**The problem**. Produce an exact transcription of every entry.

**Supplied information**.
lemma pos_def_partial_Cmat:
  fixes x :: "'p::finite \<Rightarrow> real^'n"
  assumes "s2 > 0" "\<forall>j. g j \<ge> 0"
  shows "pos_def (s2 *\<^sub>R mat 1 + (\<Sum>k\<in>S. g k *\<^sub>R outer (x k) (x k)))"
    and "det (s2 *\<^sub>R mat 1 + (\<Sum>k\<in>S. g k *\<^sub>R outer (x k) (x k))) \<ge> s2 ^ CARD('n)"
  using pos_def_add_sum_outer[OF _ pos_def_scaleR_mat, of S s2 g x] assms
  unfolding det_scaleR_mat by auto

lemma pos_def_Cmat:
  fixes x :: "'p::finite \<Rightarrow> real^'n"
  assumes "s2 > 0" "\<forall>j. g j \<ge> 0"
  shows "pos_def (Cmat s2 x g)" "det (Cmat s2 x g) \<ge> s2 ^ CARD('n)"
  using pos_def_partial_Cmat[OF assms] unfolding Cmat_eq_sum_UNIV by auto

lemma loglik_eq_quadratic_form:
  "loglik y x s2 g
     = - (1/2) * ln (det (Cmat s2 x g)) - (1/2) * (y \<bullet> (matrix_inv (Cmat s2 x g) *v y))"
  unfolding loglik_def trace_mul_outer ..

lemma loglik_fun_upd:
  fixes x :: "'p::finite \<Rightarrow> real^'n" and y :: "real^'n"
  assumes s2: "s2 > 0" and xj: "x j \<noteq> 0" and g: "\<forall>k. g k \<ge> 0" and t: "t \<ge> 0"
  defines "Cj \<equiv> s2 *\<^sub>R mat 1 + (\<Sum>k\<in>UNIV - {j}. g k *\<^sub>R outer (x k) (x k))"
  shows "loglik y x s2 (g(j := t)) = loglik y x s2 (g(j := 0))
           + (1/2) * coord_profile (x j \<bullet> (matrix_inv Cj *v y)) (x j \<bullet> (matrix_inv Cj *v x j)) t"
proof -
  define a where "a = x j \<bullet> (matrix_inv Cj *v y)"
  define b where "b = x j \<bullet> (matrix_inv Cj *v x j)"
  have Cj: "pos_def Cj" "det Cj > 0"
    using pos_def_partial_Cmat[OF s2 g, where S = "UNIV - {j}" and x = x] s2 unfolding Cj_def
    by (auto intro: less_le_trans[OF zero_less_power])
  have b: "b > 0" unfolding b_def by (rule pos_def_matrix_inv_pos[OF Cj(1) xj])
  have loglik_at: "loglik y x s2 (g(j := u)) = - (1/2) * ln (det Cj)
      - (1/2) * (y \<bullet> (matrix_inv Cj *v y)) + (1/2) * coord_profile a b u" if "u \<ge> 0" for u
  proof -
    have "1 + u * b > 0" using that b by (smt (verit) mult_nonneg_nonneg)
    then have ldet: "ln (det (Cmat s2 x (g(j := u)))) = ln (det Cj) + ln (1 + u * b)"
      using Cj unfolding Cmat_fun_upd Cj_def[symmetric] b_def
      by (simp add: det_add_outer[OF pos_def_invertible] ln_mult)
    have quad: "y \<bullet> (matrix_inv (Cmat s2 x (g(j := u))) *v y)
        = y \<bullet> (matrix_inv Cj *v y) - u * a\<^sup>2 / (1 + u * b)"
      unfolding Cmat_fun_upd Cj_def[symmetric] a_def b_def
      by (rule inner_matrix_inv_add_outer[OF Cj(1) that])
    show ?thesis
      unfolding loglik_eq_quadratic_form coord_profile_def ldet quad
      by (simp add: right_diff_distrib distrib_left)
  qed
  show ?thesis
    unfolding a_def[symmetric] b_def[symmetric] loglik_at[OF t] loglik_at[OF order_refl]
    by (simp add: coord_profile_def)
qed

**Task answer**.
lemma pos_def_partial_Cmat:
  fixes x :: "'p::finite \<Rightarrow> real^'n"
  assumes "s2 > 0" "\<forall>j. g j \<ge> 0"
  shows "pos_def (s2 *\<^sub>R mat 1 + (\<Sum>k\<in>S. g k *\<^sub>R outer (x k) (x k)))"
    and "det (s2 *\<^sub>R mat 1 + (\<Sum>k\<in>S. g k *\<^sub>R outer (x k) (x k))) \<ge> s2 ^ CARD('n)"
  using pos_def_add_sum_outer[OF _ pos_def_scaleR_mat, of S s2 g x] assms
  unfolding det_scaleR_mat by auto

lemma pos_def_Cmat:
  fixes x :: "'p::finite \<Rightarrow> real^'n"
  assumes "s2 > 0" "\<forall>j. g j \<ge> 0"
  shows "pos_def (Cmat s2 x g)" "det (Cmat s2 x g) \<ge> s2 ^ CARD('n)"
  using pos_def_partial_Cmat[OF assms] unfolding Cmat_eq_sum_UNIV by auto

lemma loglik_eq_quadratic_form:
  "loglik y x s2 g
     = - (1/2) * ln (det (Cmat s2 x g)) - (1/2) * (y \<bullet> (matrix_inv (Cmat s2 x g) *v y))"
  unfolding loglik_def trace_mul_outer ..

lemma loglik_fun_upd:
  fixes x :: "'p::finite \<Rightarrow> real^'n" and y :: "real^'n"
  assumes s2: "s2 > 0" and xj: "x j \<noteq> 0" and g: "\<forall>k. g k \<ge> 0" and t: "t \<ge> 0"
  defines "Cj \<equiv> s2 *\<^sub>R mat 1 + (\<Sum>k\<in>UNIV - {j}. g k *\<^sub>R outer (x k) (x k))"
  shows "loglik y x s2 (g(j := t)) = loglik y x s2 (g(j := 0))
           + (1/2) * coord_profile (x j \<bullet> (matrix_inv Cj *v y)) (x j \<bullet> (matrix_inv Cj *v x j)) t"
proof -
  define a where "a = x j \<bullet> (matrix_inv Cj *v y)"
  define b where "b = x j \<bullet> (matrix_inv Cj *v x j)"
  have Cj: "pos_def Cj" "det Cj > 0"
    using pos_def_partial_Cmat[OF s2 g, where S = "UNIV - {j}" and x = x] s2 unfolding Cj_def
    by (auto intro: less_le_trans[OF zero_less_power])
  have b: "b > 0" unfolding b_def by (rule pos_def_matrix_inv_pos[OF Cj(1) xj])
  have loglik_at: "loglik y x s2 (g(j := u)) = - (1/2) * ln (det Cj)
      - (1/2) * (y \<bullet> (matrix_inv Cj *v y)) + (1/2) * coord_profile a b u" if "u \<ge> 0" for u
  proof -
    have "1 + u * b > 0" using that b by (smt (verit) mult_nonneg_nonneg)
    then have ldet: "ln (det (Cmat s2 x (g(j := u)))) = ln (det Cj) + ln (1 + u * b)"
      using Cj unfolding Cmat_fun_upd Cj_def[symmetric] b_def
      by (simp add: det_add_outer[OF pos_def_invertible] ln_mult)
    have quad: "y \<bullet> (matrix_inv (Cmat s2 x (g(j := u))) *v y)
        = y \<bullet> (matrix_inv Cj *v y) - u * a\<^sup>2 / (1 + u * b)"
      unfolding Cmat_fun_upd Cj_def[symmetric] a_def b_def
      by (rule inner_matrix_inv_add_outer[OF Cj(1) that])
    show ?thesis
      unfolding loglik_eq_quadratic_form coord_profile_def ldet quad
      by (simp add: right_diff_distrib distrib_left)
  qed
  show ?thesis
    unfolding a_def[symmetric] b_def[symmetric] loglik_at[OF t] loglik_at[OF order_refl]
    by (simp add: coord_profile_def)
qed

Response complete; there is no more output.